Country Report Australia October 1996 Main report

Economic policy: Differing views on bank merger policy--

The federal government's aim in commissioning the Wallis inquiry into the financial system is to establish a new framework for regulation of the sector which can provide the basis for a more internationally competitive financial market. The four major banks, the National Australia Bank, the ANZ, the Commonwealth and Westpac, are all in favour of a more merger- friendly regime. The smaller regional banks, which comprise the main takeover targets, tend to oppose a relaxation of the current stand on mergers. Non-bank financial institutions support the idea of a single regulator for all financial institutions, while the banks oppose it. The ACCC has warned that mergers between the large banks, and takeovers of regional banks, could undo the competitive gains produced by deregulation.

The Reserve Bank submission to the Wallis inquiry

* A single regulator for all financial institutions is undesirable.

* A merger between two of the four major banks would be acceptable, but any further reduction in number should be resisted.

* Restrictions preventing mergers between the banks and the two largest life offices should be reviewed.

* The interpretation of the Trade Practices Act which holds that each state should have a regional bank in addition to the four major banks should be reviewed.

* The merchant bank statutes of many foreign bank subsidiaries in Australia should be scrapped, and the banks brought within the licensed bank regime supervised by the Reserve Bank.

* Consumer protection regulation in the financial sector should be rationalised.

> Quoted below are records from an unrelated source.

(* Let $\mathfrak g$ be a right Leibniz algebra with bracket $[\,,]$ and let $R$ be a left Leibniz dual algebra with product $(r,s)\mapsto rs$, over a common field. Then the tensor product $\mathfrak g\otimes R$ with multiplication $(x\otimes r)\circ(y\otimes s)=[x,y]\otimes rs$ is a right-symmetric algebra.
   Context: A right Leibniz algebra satisfies $[a,[b,c]]-[[a,b],c]+[[a,c],b]=0$. A left Leibniz dual algebra satisfies $(rs)t=r(st+ts)$. An algebra is right-symmetric if $X\circ(Y\circ Z)-(X\circ Y)\circ Z=X\circ(Z\circ Y)-(X\circ Z)\circ Y$ for all $X,Y,Z$. *)

theory Defs
  imports Complex_Main
begin

definition bilinear_map ::
  "('k::field \<Rightarrow> 'a::ab_group_add \<Rightarrow> 'a) \<Rightarrow> ('k \<Rightarrow> 'b::ab_group_add \<Rightarrow> 'b)
   \<Rightarrow> ('k \<Rightarrow> 'c::ab_group_add \<Rightarrow> 'c) \<Rightarrow> ('a \<Rightarrow> 'b \<Rightarrow> 'c) \<Rightarrow> bool" where
  "bilinear_map sa sb sc f \<longleftrightarrow>
     (\<forall>y. Vector_Spaces.linear sa sc (\<lambda>x. f x y)) \<and>
     (\<forall>x. Vector_Spaces.linear sb sc (\<lambda>y. f x y))"

definition right_leibniz_algebra ::
  "('k::field \<Rightarrow> 'g::ab_group_add \<Rightarrow> 'g) \<Rightarrow> ('g \<Rightarrow> 'g \<Rightarrow> 'g) \<Rightarrow> bool" where
  "right_leibniz_algebra sg br \<longleftrightarrow> vector_space sg \<and> bilinear_map sg sg sg br \<and>
     (\<forall>a b c. br a (br b c) - br (br a b) c + br (br a c) b = 0)"

definition left_leibniz_dual_algebra ::
  "('k::field \<Rightarrow> 'r::ab_group_add \<Rightarrow> 'r) \<Rightarrow> ('r \<Rightarrow> 'r \<Rightarrow> 'r) \<Rightarrow> bool" where
  "left_leibniz_dual_algebra sr m \<longleftrightarrow> vector_space sr \<and> bilinear_map sr sr sr m \<and>
     (\<forall>r s t. m (m r s) t = m r (m s t + m t s))"

definition right_symmetric :: "('t \<Rightarrow> 't \<Rightarrow> 't::ab_group_add) \<Rightarrow> bool" where
  "right_symmetric p \<longleftrightarrow>
     (\<forall>X Y Z. p X (p Y Z) - p (p X Y) Z = p X (p Z Y) - p (p X Z) Y)"

text \<open>(T, tp) is a tensor product of the vector spaces G and R over 'k: tp is bilinear,
its image spans T, and every bilinear form on G x R factors uniquely through a linear
functional on T. (For vector spaces over a field, the universal property with respect to
scalar-valued bilinear maps is equivalent to the full universal property.)\<close>
definition is_tensor_product ::
  "('k::field \<Rightarrow> 'g::ab_group_add \<Rightarrow> 'g) \<Rightarrow> ('k \<Rightarrow> 'r::ab_group_add \<Rightarrow> 'r)
   \<Rightarrow> ('k \<Rightarrow> 't::ab_group_add \<Rightarrow> 't) \<Rightarrow> ('g \<Rightarrow> 'r \<Rightarrow> 't) \<Rightarrow> bool" where
  "is_tensor_product sg sr st tp \<longleftrightarrow>
     vector_space sg \<and> vector_space sr \<and> vector_space st \<and>
     bilinear_map sg sr st tp \<and>
     module.span st (range (\<lambda>(x, y). tp x y)) = UNIV \<and>
     (\<forall>f :: 'g \<Rightarrow> 'r \<Rightarrow> 'k. bilinear_map sg sr (*) f \<longrightarrow>
        (\<exists>!h. Vector_Spaces.linear st (*) h \<and> (\<forall>x y. h (tp x y) = f x y)))"

end

theory Submission
  imports Defs
begin

text \<open>The right-symmetry defect of \<open>\<circ>\<close> is trilinear, so it suffices that it vanishes on pure
tensors, which span \<open>\<frak>g \<otimes> R\<close>. Put \<open>u = r(st)\<close> and \<open>v = r(ts)\<close>; the dual identity gives
\<open>(rs)t = u + v\<close> and \<open>(rt)s = v + u\<close>. Collecting the \<open>u\<close>- and \<open>v\<close>-components, the defect
on \<open>x \<otimes> r, y \<otimes> s, z \<otimes> t\<close> becomes \<open>L(x,y,z) \<otimes> u - L(x,z,y) \<otimes> v\<close>, where
\<open>L(a,b,c) = [a,[b,c]] - [[a,b],c] + [[a,c],b]\<close> vanishes by the Leibniz identity.\<close>

definition right_symmetry_defect :: "('t \<Rightarrow> 't \<Rightarrow> 't::ab_group_add) \<Rightarrow> 't \<Rightarrow> 't \<Rightarrow> 't \<Rightarrow> 't" where
  "right_symmetry_defect p X Y Z =
     (p X (p Y Z) - p (p X Y) Z) - (p X (p Z Y) - p (p X Z) Y)"

lemma right_symmetric_iff_defect_eq_0:
  "right_symmetric p \<longleftrightarrow> (\<forall>X Y Z. right_symmetry_defect p X Y Z = 0)"
  unfolding right_symmetric_def right_symmetry_defect_def by simp

definition trilinear_map :: "('k::field \<Rightarrow> 'a::ab_group_add \<Rightarrow> 'a) \<Rightarrow> ('a \<Rightarrow> 'a \<Rightarrow> 'a \<Rightarrow> 'a) \<Rightarrow> bool" where
  "trilinear_map s F \<longleftrightarrow>
     (\<forall>Y Z. module_hom s s (\<lambda>X. F X Y Z)) \<and>
     (\<forall>X Z. module_hom s s (\<lambda>Y. F X Y Z)) \<and>
     (\<forall>X Y. module_hom s s (\<lambda>Z. F X Y Z))"

lemma trilinear_map_eq_0_on_span:
  assumes F: "trilinear_map s F" and S: "module.span s S = UNIV"
    and F0: "\<And>x y z. x \<in> S \<Longrightarrow> y \<in> S \<Longrightarrow> z \<in> S \<Longrightarrow> F x y z = 0"
  shows "F X Y Z = 0"
proof -
  have hom1: "module_hom s s (\<lambda>X. F X Y Z)"
    and hom2: "module_hom s s (\<lambda>Y. F X Y Z)"
    and hom3: "module_hom s s (\<lambda>Z. F X Y Z)" for X Y Z
    using F unfolding trilinear_map_def by blast+
  have "F X y z = 0" if "y \<in> S" "z \<in> S" for X y z
    by (rule module_hom.eq_0_on_span[OF hom1, where b = S]) (use F0 that S in auto)
  then have "F X Y z = 0" if "z \<in> S" for X Y z
    by (rule module_hom.eq_0_on_span[OF hom2, where b = S]) (use that S in auto)
  then show ?thesis
    by (rule module_hom.eq_0_on_span[OF hom3, where b = S]) (use S in auto)
qed

lemma bilinear_map_module_hom:
  assumes "bilinear_map sa sb sc f"
  shows "module_hom sa sc (\<lambda>x. f x y)" and "module_hom sb sc (f x)"
  using assms unfolding bilinear_map_def by (simp_all add: module_hom_iff_linear)

lemma trilinear_map_right_symmetry_defect:
  assumes "bilinear_map s s s p"
  shows "trilinear_map s (right_symmetry_defect p)"
proof -
  note left = bilinear_map_module_hom(1)[OF assms] and right = bilinear_map_module_hom(2)[OF assms]
  have comp: "module_hom s s (\<lambda>x. p (p x a) b)" "module_hom s s (\<lambda>x. p (p a x) b)"
    "module_hom s s (\<lambda>x. p a (p x b))" "module_hom s s (\<lambda>x. p a (p b x))" for a b
    using module_hom_compose[OF left left] module_hom_compose[OF right left]
      module_hom_compose[OF left right] module_hom_compose[OF right right]
    by (simp_all add: comp_def)
  have "module_pair s s"
    using left[of 0] unfolding module_pair_def module_hom_iff by blast
  show ?thesis
    unfolding trilinear_map_def right_symmetry_defect_def
    by (intro conjI allI module_pair.module_hom_sub[OF \<open>module_pair s s\<close>] left right comp)
qed

lemma right_symmetry_defect_pure_tensors_eq_0:
  assumes br: "right_leibniz_algebra sg br"
    and m: "left_leibniz_dual_algebra sr m"
    and tp: "bilinear_map sg sr st tp"
    and circ: "\<And>x r y s. circ (tp x r) (tp y s) = tp (br x y) (m r s)"
  shows "right_symmetry_defect circ (tp x r) (tp y s) (tp z t) = 0"
proof -
  let ?u = "m r (m s t)" and ?v = "m r (m t s)"
  let ?L = "\<lambda>a b c w. tp (br a (br b c)) w - tp (br (br a b) c) w + tp (br (br a c) b) w"
  have m_add: "m a (b + c) = m a b + m a c" for a b c
    using m module_hom.add[OF bilinear_map_module_hom(2)]
    unfolding left_leibniz_dual_algebra_def by blast
  have m_dual: "m (m a b) c = m a (m b c + m c b)" for a b c
    using m unfolding left_leibniz_dual_algebra_def by blast
  have tp_add: "tp a (w + w') = tp a w + tp a w'" for a w w'
    using module_hom.add[OF bilinear_map_module_hom(2)[OF tp]] .
  have tp_left_add: "tp (a + b) w = tp a w + tp b w"
    and tp_left_diff: "tp (a - b) w = tp a w - tp b w"
    and tp_left_zero: "tp 0 w = 0" for a b w
    using module_hom.add[OF bilinear_map_module_hom(1)[OF tp]]
      module_hom.diff[OF bilinear_map_module_hom(1)[OF tp]]
      module_hom.zero[OF bilinear_map_module_hom(1)[OF tp]] by blast+
  have L_eq_0: "?L a b c w = 0" for a b c w
  proof -
    have "?L a b c w = tp (br a (br b c) - br (br a b) c + br (br a c) b) w"
      by (simp only: tp_left_add tp_left_diff)
    also have "\<dots> = 0"
      using br by (simp add: right_leibniz_algebra_def tp_left_zero)
    finally show ?thesis .
  qed
  have "right_symmetry_defect circ (tp x r) (tp y s) (tp z t) = ?L x y z ?u - ?L x z y ?v"
    unfolding right_symmetry_defect_def circ m_dual m_add tp_add by (simp add: algebra_simps)
  then show ?thesis
    by (simp only: L_eq_0 diff_self)
qed

theorem mainTheorem17:
  fixes sg :: "'k::field \<Rightarrow> 'g::ab_group_add \<Rightarrow> 'g"
    and sr :: "'k \<Rightarrow> 'r::ab_group_add \<Rightarrow> 'r"
    and st :: "'k \<Rightarrow> 't::ab_group_add \<Rightarrow> 't"
    and br :: "'g \<Rightarrow> 'g \<Rightarrow> 'g"
    and m :: "'r \<Rightarrow> 'r \<Rightarrow> 'r"
    and tp :: "'g \<Rightarrow> 'r \<Rightarrow> 't"
    and circ :: "'t \<Rightarrow> 't \<Rightarrow> 't"
  assumes "right_leibniz_algebra sg br"
    and "left_leibniz_dual_algebra sr m"
    and "is_tensor_product sg sr st tp"
    and "bilinear_map st st st circ"
    and "\<forall>x r y s. circ (tp x r) (tp y s) = tp (br x y) (m r s)"
  shows "right_symmetric circ"
proof -
  have tp: "bilinear_map sg sr st tp"
    and span: "module.span st (range (\<lambda>(x, y). tp x y)) = UNIV"
    using assms(3) unfolding is_tensor_product_def by blast+
  have "right_symmetry_defect circ X Y Z = 0" for X Y Z
  proof (rule trilinear_map_eq_0_on_span[OF trilinear_map_right_symmetry_defect[OF assms(4)] span])
    show "right_symmetry_defect circ X' Y' Z' = 0"
      if "X' \<in> range (\<lambda>(x, y). tp x y)" "Y' \<in> range (\<lambda>(x, y). tp x y)"
        "Z' \<in> range (\<lambda>(x, y). tp x y)" for X' Y' Z'
      using that right_symmetry_defect_pure_tensors_eq_0[OF assms(1,2) tp] assms(5) by auto
  qed
  then show ?thesis
    unfolding right_symmetric_iff_defect_eq_0 by blast
qed

end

--and the Reserve Bank does not want a single regulator

The Reserve Bank has argued against the establishment of a single regulator for all financial institutions. It sees the financial market as offering capital guaranteed products, such as bank deposits and insurance policies, and non-capital guaranteed investment products. The Reserve Bank's view is that institutions which offer guaranteed products must be regulated, in order to minimise the risk of insolvency. It believes, however, that regulation is unnecessary for firms offering other investment products, which should instead comply with stringent disclosure rules. The Reserve Bank sees no merit in combining the two types of regulation in one institution and believes it risks conveying the erroneous message that all products are equally safe.